• [What is being asked]: Please write out the records exactly.

Saved entries:
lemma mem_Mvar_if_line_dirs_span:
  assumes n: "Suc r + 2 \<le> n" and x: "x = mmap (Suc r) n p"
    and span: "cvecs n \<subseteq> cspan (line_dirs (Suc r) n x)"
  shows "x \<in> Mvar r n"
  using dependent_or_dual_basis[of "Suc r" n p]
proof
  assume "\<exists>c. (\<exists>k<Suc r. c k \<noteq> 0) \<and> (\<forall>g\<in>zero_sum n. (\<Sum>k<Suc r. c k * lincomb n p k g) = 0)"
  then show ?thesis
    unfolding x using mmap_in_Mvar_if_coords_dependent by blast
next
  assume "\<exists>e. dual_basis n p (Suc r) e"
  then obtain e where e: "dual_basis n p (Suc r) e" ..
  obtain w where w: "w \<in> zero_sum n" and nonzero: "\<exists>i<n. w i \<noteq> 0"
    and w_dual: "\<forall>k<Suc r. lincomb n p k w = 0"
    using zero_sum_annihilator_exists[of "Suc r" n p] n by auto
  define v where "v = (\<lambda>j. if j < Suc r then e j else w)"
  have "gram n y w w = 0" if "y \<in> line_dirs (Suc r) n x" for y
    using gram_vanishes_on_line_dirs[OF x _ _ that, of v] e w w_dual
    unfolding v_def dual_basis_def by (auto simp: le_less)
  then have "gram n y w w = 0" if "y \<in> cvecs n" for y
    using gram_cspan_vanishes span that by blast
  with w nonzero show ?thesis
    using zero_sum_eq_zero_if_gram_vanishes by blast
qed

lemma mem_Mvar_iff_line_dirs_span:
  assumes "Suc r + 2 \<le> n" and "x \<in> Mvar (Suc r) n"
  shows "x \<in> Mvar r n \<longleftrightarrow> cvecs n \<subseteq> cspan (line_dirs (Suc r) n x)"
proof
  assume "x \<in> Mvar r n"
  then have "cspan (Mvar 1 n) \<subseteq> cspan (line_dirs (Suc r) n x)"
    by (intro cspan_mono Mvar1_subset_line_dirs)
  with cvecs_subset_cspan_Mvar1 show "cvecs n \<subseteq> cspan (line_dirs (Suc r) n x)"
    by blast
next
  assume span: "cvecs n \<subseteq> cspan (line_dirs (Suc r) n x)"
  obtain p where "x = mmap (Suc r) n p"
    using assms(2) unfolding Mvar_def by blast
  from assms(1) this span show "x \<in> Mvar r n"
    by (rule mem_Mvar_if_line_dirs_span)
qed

• [The completed task]:
lemma mem_Mvar_if_line_dirs_span:
  assumes n: "Suc r + 2 \<le> n" and x: "x = mmap (Suc r) n p"
    and span: "cvecs n \<subseteq> cspan (line_dirs (Suc r) n x)"
  shows "x \<in> Mvar r n"
  using dependent_or_dual_basis[of "Suc r" n p]
proof
  assume "\<exists>c. (\<exists>k<Suc r. c k \<noteq> 0) \<and> (\<forall>g\<in>zero_sum n. (\<Sum>k<Suc r. c k * lincomb n p k g) = 0)"
  then show ?thesis
    unfolding x using mmap_in_Mvar_if_coords_dependent by blast
next
  assume "\<exists>e. dual_basis n p (Suc r) e"
  then obtain e where e: "dual_basis n p (Suc r) e" ..
  obtain w where w: "w \<in> zero_sum n" and nonzero: "\<exists>i<n. w i \<noteq> 0"
    and w_dual: "\<forall>k<Suc r. lincomb n p k w = 0"
    using zero_sum_annihilator_exists[of "Suc r" n p] n by auto
  define v where "v = (\<lambda>j. if j < Suc r then e j else w)"
  have "gram n y w w = 0" if "y \<in> line_dirs (Suc r) n x" for y
    using gram_vanishes_on_line_dirs[OF x _ _ that, of v] e w w_dual
    unfolding v_def dual_basis_def by (auto simp: le_less)
  then have "gram n y w w = 0" if "y \<in> cvecs n" for y
    using gram_cspan_vanishes span that by blast
  with w nonzero show ?thesis
    using zero_sum_eq_zero_if_gram_vanishes by blast
qed

lemma mem_Mvar_iff_line_dirs_span:
  assumes "Suc r + 2 \<le> n" and "x \<in> Mvar (Suc r) n"
  shows "x \<in> Mvar r n \<longleftrightarrow> cvecs n \<subseteq> cspan (line_dirs (Suc r) n x)"
proof
  assume "x \<in> Mvar r n"
  then have "cspan (Mvar 1 n) \<subseteq> cspan (line_dirs (Suc r) n x)"
    by (intro cspan_mono Mvar1_subset_line_dirs)
  with cvecs_subset_cspan_Mvar1 show "cvecs n \<subseteq> cspan (line_dirs (Suc r) n x)"
    by blast
next
  assume span: "cvecs n \<subseteq> cspan (line_dirs (Suc r) n x)"
  obtain p where "x = mmap (Suc r) n p"
    using assms(2) unfolding Mvar_def by blast
  from assms(1) this span show "x \<in> Mvar r n"
    by (rule mem_Mvar_if_line_dirs_span)
qed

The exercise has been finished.